Question

Q3. A bag contains 7 red balls and 3 green balls. A ball is taken out replaced.

A second ball is then taken out.
i.
Find the following probabilities?
a. P(R)
b. P(G)
c. P (G and G)
d. P (R and R)
e. P (R and G)
f. P (G and R)

Answer 1

Part (a)

There are 7 red out of 7+3 = 10 total

Answer: 7/10

==========================================================

Part (b)

We have 3 green out of 10 total

Answer: 3/10

==========================================================

Part (c)

3/10 is the probability of getting green on any selection. This is because we put the first selection back (or it is replaced with an identical copy)

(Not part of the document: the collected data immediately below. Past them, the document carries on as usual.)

lemma integral_eq_if_char_vec_eq_nonneg:
  fixes P Q :: "(real^'n) measure" and G :: "real^'n \<Rightarrow> real"
  assumes P: "finite_measure P" "sets P = sets borel"
    and Q: "finite_measure Q" "sets Q = sets borel"
    and char: "char_vec P = char_vec Q"
    and G: "continuous_on UNIV G" "\<And>x. 0 \<le> G x"
  shows "(\<integral>x. G x \<partial>P) = (\<integral>x. G x \<partial>Q)"
proof -
  have G_measurable[measurable]: "G \<in> borel_measurable borel"
    by (rule borel_measurable_continuous_onI[OF G(1)])
  have truncation: "(\<integral>x. min (G x) k \<partial>P) = (\<integral>x. min (G x) k \<partial>Q)" for k :: nat
    by (rule integral_eq_if_char_vec_eq_bounded[OF P Q char, where B="real k"])
      (use G in \<open>auto intro!: continuous_intros\<close>)
  have lim: "(\<lambda>k. \<integral>\<^sup>+x. ennreal (min (G x) (real k)) \<partial>M) \<longlonglongrightarrow> (\<integral>\<^sup>+x. ennreal (G x) \<partial>M)"
    if "sets M = sets borel" for M :: "(real^'n) measure"
  proof (rule nn_integral_LIMSEQ)
    show "incseq (\<lambda>k x. ennreal (min (G x) (real k)))"
      by (auto simp: incseq_def le_fun_def intro!: ennreal_leI)
    show "(\<lambda>x. ennreal (min (G x) (real k))) \<in> borel_measurable M" for k
      unfolding measurable_cong_sets[OF that refl] by measurable
    show "(\<lambda>k. ennreal (min (G x) (real k))) \<longlonglongrightarrow> ennreal (G x)" for x
    proof (rule tendsto_eventually)
      obtain k0 :: nat where "G x \<le> k0"
        using real_arch_simple by blast
      then show "\<forall>\<^sub>F k in sequentially. ennreal (min (G x) (real k)) = ennreal (G x)"
        unfolding eventually_sequentially by (intro exI[of _ k0]) auto
    qed
  qed
  have nn_truncation: "(\<integral>\<^sup>+x. ennreal (min (G x) (real k)) \<partial>M) = ennreal (\<integral>x. min (G x) (real k) \<partial>M)"
    if "finite_measure M" "sets M = sets borel" for M :: "(real^'n) measure" and k
  proof (rule nn_integral_eq_integral)
    interpret finite_measure M by fact
    have "(\<lambda>x. min (G x) (real k)) \<in> borel_measurable M"
      unfolding measurable_cong_sets[OF that(2) refl] by measurable
    then show "integrable M (\<lambda>x. min (G x) (real k))"
      using G(2) by (intro integrable_const_bound[where B="real k"]) auto
  qed (use G(2) in auto)
  have "(\<lambda>k. \<integral>\<^sup>+x. ennreal (min (G x) (real k)) \<partial>P) = (\<lambda>k. \<integral>\<^sup>+x. ennreal (min (G x) (real k)) \<partial>Q)"
    using nn_truncation[OF P] nn_truncation[OF Q] truncation by simp
  then have "(\<integral>\<^sup>+x. ennreal (G x) \<partial>P) = (\<integral>\<^sup>+x. ennreal (G x) \<partial>Q)"
    using LIMSEQ_unique lim[OF P(2)] lim[OF Q(2)] by metis
  then show ?thesis
    using G(2) G_measurable
    by (simp add: integral_eq_nn_integral measurable_cong_sets[OF P(2) refl] measurable_cong_sets[OF Q(2) refl])
qed

lemma char_vec_distr:
  assumes "X \<in> borel_measurable M"
  shows "char_vec (distr M borel X) t = (\<integral>s. iexp s \<partial>distr M borel (\<lambda>\<omega>. t \<bullet> X \<omega>))"
proof -
  have "char_vec (distr M borel X) t = (\<integral>\<omega>. iexp (t \<bullet> X \<omega>) \<partial>M)"
    unfolding char_vec_def using assms by (intro integral_distr) (auto intro!: borel_measurable_continuous_onI continuous_intros)
  also have "\<dots> = (\<integral>s. iexp s \<partial>distr M borel (\<lambda>\<omega>. t \<bullet> X \<omega>))"
    using assms by (intro integral_distr[symmetric]) (auto intro!: borel_measurable_continuous_onI continuous_intros)
  finally show ?thesis .
qed

lemma centered_gaussian_vector_char_vec_uminus:
  fixes M :: "'a measure" and X :: "'a \<Rightarrow> real^'n" and S :: "real^'n^'n"
  assumes "centered_gaussian_vector M X S"
  shows "char_vec (distr M borel X) = char_vec (distr M borel (\<lambda>\<omega>. - X \<omega>))"
proof
  fix t :: "real^'n"
  have X: "X \<in> borel_measurable M"
    and distr_inner: "\<And>u. distr M borel (\<lambda>\<omega>. u \<bullet> X \<omega>) =
        (if u \<bullet> (S *v u) = 0 then return borel 0
         else density lborel (normal_density 0 (sqrt (u \<bullet> (S *v u)))))"
    using assms by (simp_all add: centered_gaussian_vector_def)
  have "S *v (- t) = - (S *v t)"
    by (simp add: vec_eq_iff matrix_vector_mult_def sum_negf)
  then have "(- t) \<bullet> (S *v (- t)) = t \<bullet> (S *v t)"
    by simp
  then have "distr M borel (\<lambda>\<omega>. t \<bullet> X \<omega>) = distr M borel (\<lambda>\<omega>. t \<bullet> - X \<omega>)"
    using distr_inner[of t] distr_inner[of "- t"] by simp
  then show "char_vec (distr M borel X) t = char_vec (distr M borel (\<lambda>\<omega>. - X \<omega>)) t"
    using X by (simp add: char_vec_distr)
qed

lemma integral_comp_eq_if_char_vec_eq:
  fixes X Y :: "'a \<Rightarrow> real^'n" and G :: "real^'n \<Rightarrow> real"
  assumes "finite_measure M" "X \<in> borel_measurable M" "Y \<in> borel_measurable M"
    and "char_vec (distr M borel X) = char_vec (distr M borel Y)"
    and G: "continuous_on UNIV G" "\<And>x. 0 \<le> G x"
  shows "(\<integral>\<omega>. G (X \<omega>) \<partial>M) = (\<integral>\<omega>. G (Y \<omega>) \<partial>M)"
proof -
  have G_measurable: "G \<in> borel_measurable borel"
    by (rule borel_measurable_continuous_onI[OF G(1)])
  have "finite_measure (distr M borel Z)" if "Z \<in> borel_measurable M" for Z :: "'a \<Rightarrow> real^'n"
    using assms(1) by (rule finite_measure.finite_measure_distr[OF _ that])
  then have "(\<integral>x. G x \<partial>distr M borel X) = (\<integral>x. G x \<partial>distr M borel Y)"
    using assms by (intro integral_eq_if_char_vec_eq_nonneg) auto
  then show ?thesis
    using assms(2,3) G_measurable by (simp add: integral_distr)
qed

lemma continuous_on_relu_vec: "continuous_on A relu_vec"
  unfolding relu_vec_def by (intro continuous_intros)

lemma norm_relu_vec_le: "norm (relu_vec x) \<le> norm x"
  by (rule norm_le_componentwise_cart) (simp add: relu_vec_def)

lemma relu_vec_diff_relu_vec_uminus: "relu_vec x - relu_vec (- x) = x"
  by (simp add: relu_vec_def vec_eq_iff max_def)

theorem mainTheorem17:
  fixes M :: "'a measure" and X :: "'a \<Rightarrow> real^'n" and S :: "real^'n^'n"
  assumes "centered_gaussian_vector M X S"
  shows "(\<integral>\<omega>. norm (relu_vec (X \<omega>)) \<partial>M) \<ge> 1/2 * (\<integral>\<omega>. norm (X \<omega>) \<partial>M)"
proof (cases "integrable M (\<lambda>\<omega>. norm (X \<omega>))")
  case False
  \<comment> \<open>the right-hand side is then 0 by the convention for non-integrable functions\<close>
  then show ?thesis
    by (simp add: not_integrable_integral_eq)
next
  case True
  have M: "finite_measure M" and X: "X \<in> borel_measurable M"
    using assms by (auto simp: centered_gaussian_vector_def prob_space_def)
  have symmetric: "(\<integral>\<omega>. norm (relu_vec (X \<omega>)) \<partial>M) = (\<integral>\<omega>. norm (relu_vec (- X \<omega>)) \<partial>M)"
    using M X centered_gaussian_vector_char_vec_uminus[OF assms]
    by (intro integral_comp_eq_if_char_vec_eq) (auto intro!: continuous_intros continuous_on_relu_vec)
  have integrable: "integrable M (\<lambda>\<omega>. norm (relu_vec (Y \<omega>)))"
    if Y: "Y \<in> borel_measurable M" "\<And>\<omega>. norm (Y \<omega>) = norm (X \<omega>)" for Y
  proof (rule Bochner_Integration.integrable_bound[OF True])
    show "(\<lambda>\<omega>. norm (relu_vec (Y \<omega>))) \<in> borel_measurable M"
      by (intro measurable_compose[OF Y(1)] borel_measurable_continuous_onI
          continuous_intros continuous_on_relu_vec)
    show "AE \<omega> in M. norm (norm (relu_vec (Y \<omega>))) \<le> norm (norm (X \<omega>))"
      by (intro AE_I2) (simp add: Y(2)[symmetric] norm_relu_vec_le)
  qed
  have minus_X: "(\<lambda>\<omega>. - X \<omega>) \<in> borel_measurable M"
    using X by measurable
  have relu_integrable: "integrable M (\<lambda>\<omega>. norm (relu_vec (X \<omega>)))" "integrable M (\<lambda>\<omega>. norm (relu_vec (- X \<omega>)))"
    using integrable[OF X] integrable[OF minus_X] by simp_all
  have "norm (X \<omega>) \<le> norm (relu_vec (X \<omega>)) + norm (relu_vec (- X \<omega>))" for \<omega>
    using norm_triangle_ineq4[of "relu_vec (X \<omega>)" "relu_vec (- X \<omega>)"]
    by (simp add: relu_vec_diff_relu_vec_uminus)
  then have "(\<integral>\<omega>. norm (X \<omega>) \<partial>M) \<le> (\<integral>\<omega>. norm (relu_vec (X \<omega>)) + norm (relu_vec (- X \<omega>)) \<partial>M)"
    using True relu_integrable by (intro integral_mono) auto
  also have "\<dots> = 2 * (\<integral>\<omega>. norm (relu_vec (X \<omega>)) \<partial>M)"
    using relu_integrable symmetric by simp
  finally show ?thesis
    by simp
qed

end
(* For every $\gamma > 0$ and $0 < \alpha < 1$, the following holds for all sufficiently large $n$. Let $G$ be an $(n,(3-\gamma)n)$-multigraph and $M$ a rainbow matching of maximum size in $G$ which has a $7$-auxiliary matching $N$ of size at least $(1-\gamma)|M|$. Then $|N_\alpha| \le \frac{20\gamma}{1-\alpha}\, n$.
   Context: An $(n,v)$-multigraph is a multigraph whose edges are coloured with a set of $n$ colours (parallel edges allowed, with distinct colours) such that each colour class is a vertex-disjoint union of cliques on at least $2$ vertices which together have at least $v$ vertices. A rainbow matching is a matching whose edges have pairwise distinct colours. Let $V$ be the vertex set of $G$ and $C_0$ the set of colours not used on $M$. A $t$-auxiliary matching for $M$ is a matching $N$ each of whose edges has one endpoint in $V\setminus V(M)$ and the other in $V(M)$, such that for each edge of $N$ its pair of endpoints is joined by edges of at least $t$ distinct colours from $C_0$, and no two edges of $N$ intersect the same edge of $M$. $M_N\subseteq M$ is the set of edges of $M$ intersecting an edge of $N$; for $e\in M_N$, $x_e$ is the endpoint of $e$ in $V(N)$, $m(x_e)$ the other endpoint of $e$, and $v_e$ the vertex matched to $x_e$ in $N$; $C_N$ is the set of colours of edges of $M_N$. $N_\alpha \subseteq N$ is the set of edges $v_e x_e \in N$ such that the pair $v_e m(x_e)$ is joined by edges of at most $\alpha |C_N|$ distinct colours from $C_N$. *)

theory Defs
  imports Complex_Main
begin

(* A coloured multigraph is given by a vertex set V, a colour set C and, for each
   colour c, the family K c of cliques forming colour class c. *)

definition has_edge :: "('c \<Rightarrow> 'v set set) \<Rightarrow> 'c \<Rightarrow> 'v \<Rightarrow> 'v \<Rightarrow> bool" where
  "has_edge K c x y \<longleftrightarrow> x \<noteq> y \<and> (\<exists>Q\<in>K c. x \<in> Q \<and> y \<in> Q)"

definition nv_multigraph :: "'v set \<Rightarrow> 'c set \<Rightarrow> ('c \<Rightarrow> 'v set set) \<Rightarrow> nat \<Rightarrow> real \<Rightarrow> bool" where
  "nv_multigraph V C K n v \<longleftrightarrow>
     finite V \<and> finite C \<and> card C = n \<and>
     (\<forall>c. c \<notin> C \<longrightarrow> K c = {}) \<and>
     (\<forall>c\<in>C. (\<forall>Q\<in>K c. Q \<subseteq> V \<and> card Q \<ge> 2) \<and>
             (\<forall>Q\<in>K c. \<forall>Q'\<in>K c. Q \<noteq> Q' \<longrightarrow> Q \<inter> Q' = {}) \<and>
             real (card (\<Union>(K c))) \<ge> v)"
lemma pi_face_iff:
  assumes t: "t \<in> T"
  shows "f \<in> tfaces t \<and> c \<notin> col ` fverts f \<longleftrightarrow> f = pf c t"
proof -
  obtain v where v: "v \<in> tverts t" "col v = c"
    using colors_of_tet[OF t] by (metis UNIV_I imageE)
  have avoid: "c \<notin> col ` fverts f \<longleftrightarrow> v \<notin> fverts f" if "f \<in> tfaces t" for f
    using inj_on_image_mem_iff[OF tverts_colors[OF t] v(1) face_in_tet[OF t that]] v(2) by simp
  have ex1: "\<exists>!f. f \<in> tfaces t \<and> c \<notin> col ` fverts f"
  proof (rule ex_ex1I)
    show "\<exists>f. f \<in> tfaces t \<and> c \<notin> col ` fverts f"
      using tet_face_avoiding[OF t v(1)] avoid by blast
  next
    fix f g
    assume f: "f \<in> tfaces t \<and> c \<notin> col ` fverts f" and g: "g \<in> tfaces t \<and> c \<notin> col ` fverts g"
    then have "v \<notin> fverts f" "v \<notin> fverts g"
      using avoid by blast+
    then have "fverts f = fverts g"
      using f g by (simp add: face_of_tet_eq_Diff[OF t _ v(1)])
    then show "f = g"
      using inj_onD[OF tfaces_inj[OF t]] f g by simp
  qed
  show ?thesis
    unfolding pi_face_def
  proof
    assume "f \<in> tfaces t \<and> c \<notin> col ` fverts f"
    then show "f = (THE f. f \<in> tfaces t \<and> c \<notin> col ` fverts f)"
      by (rule the1_equality[OF ex1, symmetric])
  next
    assume "f = (THE f. f \<in> tfaces t \<and> c \<notin> col ` fverts f)"
    with theI'[OF ex1] show "f \<in> tfaces t \<and> c \<notin> col ` fverts f" by (simp only: simp_thms)
  qed
qed

lemma pi_face_in_cfaces:
  assumes "t \<in> T"
  shows "pf c t \<in> cfaces Fs col fverts c"
  using pi_face_iff[OF assms, of "pf c t" c] tfaces_sub[OF assms] unfolding cfaces_def by blast
lemma tagged_division_derivative_sum_le:
  fixes u u' :: "real \<Rightarrow> real"
  assumes p: "p tagged_division_of {a..b}" and fine: "(\<lambda>x. ball x (r x)) fine p" and e: "e \<ge> 0" and ab: "a \<le> b"
    and approx: "\<And>x y. x \<in> {a..b} - N \<Longrightarrow> y \<in> {a..b} \<Longrightarrow> \<bar>y - x\<bar> < r x \<Longrightarrow>
      \<bar>u y - u x - u' x * (y - x)\<bar> \<le> e * \<bar>y - x\<bar>"
  shows "\<bar>\<Sum>(x, K)\<in>{z \<in> p. fst z \<notin> N}. measure lborel K * u' x - (u (Sup K) - u (Inf K))\<bar>
    \<le> e * (b - a)"
proof -
  have each: "\<bar>measure lborel K * u' x - (u (Sup K) - u (Inf K))\<bar> \<le> e * measure lborel K"
    if xK: "(x, K) \<in> p" "x \<notin> N" for x K
  proof -
    obtain c d where K: "K = cbox c d" using tagged_division_ofD(4)[OF p xK(1)] by blast
    have "x \<in> K" "K \<subseteq> {a..b}" using tagged_division_ofD(2,3)[OF p xK(1)] by auto
    then have cd: "K = {c..d}" "c \<le> x" "x \<le> d" "a \<le> c" "d \<le> b" using K by auto
    have "K \<subseteq> ball x (r x)" using fine xK(1) by (auto simp: fine_def)
    moreover have "c \<in> K" "d \<in> K" using cd by auto
    ultimately have "c \<in> ball x (r x)" "d \<in> ball x (r x)" by blast+
    then have "\<bar>c - x\<bar> < r x" "\<bar>d - x\<bar> < r x" by (auto simp: dist_real_def abs_minus_commute)
    then have "\<bar>u c - u x - u' x * (c - x)\<bar> \<le> e * (x - c)" "\<bar>u d - u x - u' x * (d - x)\<bar> \<le> e * (d - x)"
      using approx[of x c] approx[of x d] cd xK(2) by auto
    moreover have "measure lborel K * u' x - (u (Sup K) - u (Inf K))
        = (u c - u x - u' x * (c - x)) - (u d - u x - u' x * (d - x))"
      using cd by (simp add: algebra_simps)
    ultimately show ?thesis using cd by (simp add: algebra_simps)
  qed
  have "\<bar>\<Sum>(x, K)\<in>{z \<in> p. fst z \<notin> N}. measure lborel K * u' x - (u (Sup K) - u (Inf K))\<bar>
      \<le> (\<Sum>(x, K)\<in>{z \<in> p. fst z \<notin> N}. e * measure lborel K)"
    by (rule order_trans[OF sum_abs sum_mono]) (auto intro: each)
  also have "\<dots> \<le> (\<Sum>(x, K)\<in>p. e * measure lborel K)"
    using tagged_division_ofD(1)[OF p] e by (intro sum_mono2) auto
  also have "\<dots> \<le> e * (b - a)"
    using additive_content_tagged_division[of p a b] p e ab
    by (simp add: sum_distrib_left[symmetric] case_prod_unfold)
  finally show ?thesis .
qed
lemma abs_weighted_integral_minus_const_le:
  fixes g w :: "real \<Rightarrow> real"
  assumes w: "w integrable_on {x..y}" "\<And>t. t \<in> {x..y} \<Longrightarrow> 0 \<le> w t"
    and gw: "(\<lambda>t. g t * w t) integrable_on {x..y}"
    and near: "\<And>t. t \<in> {x..y} \<Longrightarrow> \<bar>g t - c\<bar> \<le> e"
  shows "\<bar>integral {x..y} (\<lambda>t. g t * w t) - c * integral {x..y} w\<bar> \<le> e * integral {x..y} w"
proof -
  have cw: "(\<lambda>t. c * w t) integrable_on {x..y}"
    using w(1) by (rule integrable_on_mult_right)
  have "integral {x..y} (\<lambda>t. g t * w t) - c * integral {x..y} w
      = integral {x..y} (\<lambda>t. (g t - c) * w t)"
    using integral_diff[OF gw cw] by (simp add: left_diff_distrib)
  also have "\<bar>\<dots>\<bar> \<le> integral {x..y} (\<lambda>t. e * w t)"
  proof (rule integral_norm_bound_integral[where 'a=real, simplified])
    show "(\<lambda>t. (g t - c) * w t) integrable_on {x..y}"
      using integrable_diff[OF gw cw] by (simp add: left_diff_distrib)
    show "(\<lambda>t. e * w t) integrable_on {x..y}"
      using w(1) by (rule integrable_on_mult_right)
    show "\<bar>(g t - c) * w t\<bar> \<le> e * w t" if "t \<in> {x..y}" for t
      using near[OF that] w(2)[OF that] by (simp add: abs_mult mult_right_mono)
  qed
  finally show ?thesis by simp
qed

lemma abs_diff_le_if_local_increments_le:
  fixes F G :: "real \<Rightarrow> real"
  assumes "a \<le> b" "\<eta> > 0"
    and local: "\<And>x y. a \<le> x \<Longrightarrow> x \<le> y \<Longrightarrow> y \<le> b \<Longrightarrow> y - x < \<eta> \<Longrightarrow> \<bar>F y - F x\<bar> \<le> G y - G x"
  shows "\<bar>F b - F a\<bar> \<le> G b - G a"
proof -
  obtain n :: nat where n: "(b - a) / \<eta> < n"
    using reals_Archimedean2 by blast
  have "n > 0"
    using n \<open>a \<le> b\<close> \<open>\<eta> > 0\<close> by (cases n) (auto simp: divide_less_0_iff)
  define x where "x i = a + (b - a) * i / n" for i :: nat
  have "x i \<le> x (Suc i)" for i
    using \<open>a \<le> b\<close> by (simp add: x_def divide_right_mono mult_left_mono)
  moreover have "x (Suc i) - x i < \<eta>" for i
  proof -
    have "x (Suc i) - x i = (b - a) / n"
      using \<open>n > 0\<close> by (simp add: x_def field_simps)
    also have "\<dots> < \<eta>"
      using n \<open>n > 0\<close> \<open>\<eta> > 0\<close> by (simp add: field_simps)
    finally show ?thesis .
  qed
  moreover have "a \<le> x i" for i
    using \<open>a \<le> b\<close> by (simp add: x_def)
  moreover have "x (Suc i) \<le> b" if "i < n" for i
  proof -
    have "(b - a) * (Suc i / n) \<le> (b - a) * 1"
      using that \<open>a \<le> b\<close> by (intro mult_left_mono) simp_all
    then show ?thesis
      by (simp add: x_def)
  qed
  ultimately have step: "\<bar>F (x (Suc i)) - F (x i)\<bar> \<le> G (x (Suc i)) - G (x i)" if "i < n" for i
    using local that by blast
  have "x 0 = a" "x n = b"
    using \<open>n > 0\<close> by (simp_all add: x_def)
  then have "F b - F a = (\<Sum>i<n. F (x (Suc i)) - F (x i))"
    using sum_lessThan_telescope[of "\<lambda>i. F (x i)" n] by simp
  also have "\<bar>\<dots>\<bar> \<le> (\<Sum>i<n. G (x (Suc i)) - G (x i))"
    using step by (intro order.trans[OF sum_abs] sum_mono) simp
  also have "\<dots> = G b - G a"
    using \<open>x 0 = a\<close> \<open>x n = b\<close> sum_lessThan_telescope[of "\<lambda>i. G (x i)" n] by simp
  finally show ?thesis .
qed
lemma locally_compact_bump_function:
  fixes t0 :: "'k::t2_space"
  assumes lc: "locally_compact_space (euclidean :: 'k topology)" and W: "open W" "t0 \<in> W"
  obtains \<phi> :: "'k \<Rightarrow> real" where "continuous_on UNIV \<phi>" "\<And>t. \<phi> t \<in> {0..1}" "\<phi> t0 = 1"
    "\<And>t. t \<notin> W \<Longrightarrow> \<phi> t = 0" "\<And>e. e > 0 \<Longrightarrow> compact {t. e \<le> \<phi> t}"
proof -
  have "\<exists>U C. open U \<and> compact C \<and> t0 \<in> U \<and> U \<subseteq> C"
    using lc unfolding locally_compact_space_def compactin_euclidean_iff by auto
  then obtain U C where U: "open U" "compact C" "t0 \<in> U" "U \<subseteq> C"
    by blast
  have "completely_regular_space (euclidean :: 'k topology)"
    using lc Hausdorff_space_euclidean_t2 by (rule locally_compact_regular_imp_completely_regular_space[OF _ disjI1])
  moreover have "closedin euclidean (- (U \<inter> W))" "t0 \<notin> - (U \<inter> W)"
    using U W by auto
  ultimately obtain f :: "'k \<Rightarrow> real" where f: "continuous_map euclidean (top_of_set {0..1}) f"
     "f t0 = 0" "f ` (- (U \<inter> W)) \<subseteq> {1}"
    unfolding completely_regular_space_def by (metis DiffI UNIV_I topspace_euclidean)
  then have f_cont: "continuous_on UNIV f" and f_range: "\<And>t. f t \<in> {0..1}"
    by (auto simp: continuous_map_in_subtopology)
  show ?thesis
  proof
    show "continuous_on UNIV (\<lambda>t. 1 - f t)"
      using f_cont by (intro continuous_intros)
    show "1 - f t \<in> {0..1}" for t
      using f_range[of t] by auto
    show "1 - f t0 = 1" "t \<notin> W \<Longrightarrow> 1 - f t = 0" for t
      using f by auto
    show "compact {t. e \<le> 1 - f t}" if "e > 0" for e
    proof -
      have "{t. e \<le> 1 - f t} = C \<inter> {t. e \<le> 1 - f t}"
        using that f(3) U(4) by force
      moreover have "closed {t. e \<le> 1 - f t}"
        using f_cont by (intro closed_Collect_le continuous_intros) auto
      ultimately show ?thesis
        using U(2) compact_Int_closed by metis
    qed
  qed
qed

lemma bounded_linear_apply_bcontfun_at:
  "bounded_linear (\<lambda>f::'a::topological_space \<Rightarrow>\<^sub>C 'b::real_normed_vector. apply_bcontfun f t)"
  by (rule bounded_linear_intro[where K=1]) (auto simp: norm_bounded)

So (3/10)*(3/10) = 9/100 is the probability of getting two green in a row.

Answer: 9/100

==========================================================

Part (d)

Similar to part (c) we have 7/10 as the probability of getting red on each independent selection.

(7/10)*(7/10) = 49/100

Answer: 49/100

==========================================================

Part (e)

7/10 is the probability of getting red and 3/10 is the probability of getting green. Each selection is independent of any others.

(7/10)*(3/10) = 21/100

Answer: 21/100

==========================================================

Part (f)

We have the exact same set up as part (e). Notice how (7/10)*(3/10) is the same as (3/10)*(7/10).

Answer: 21/100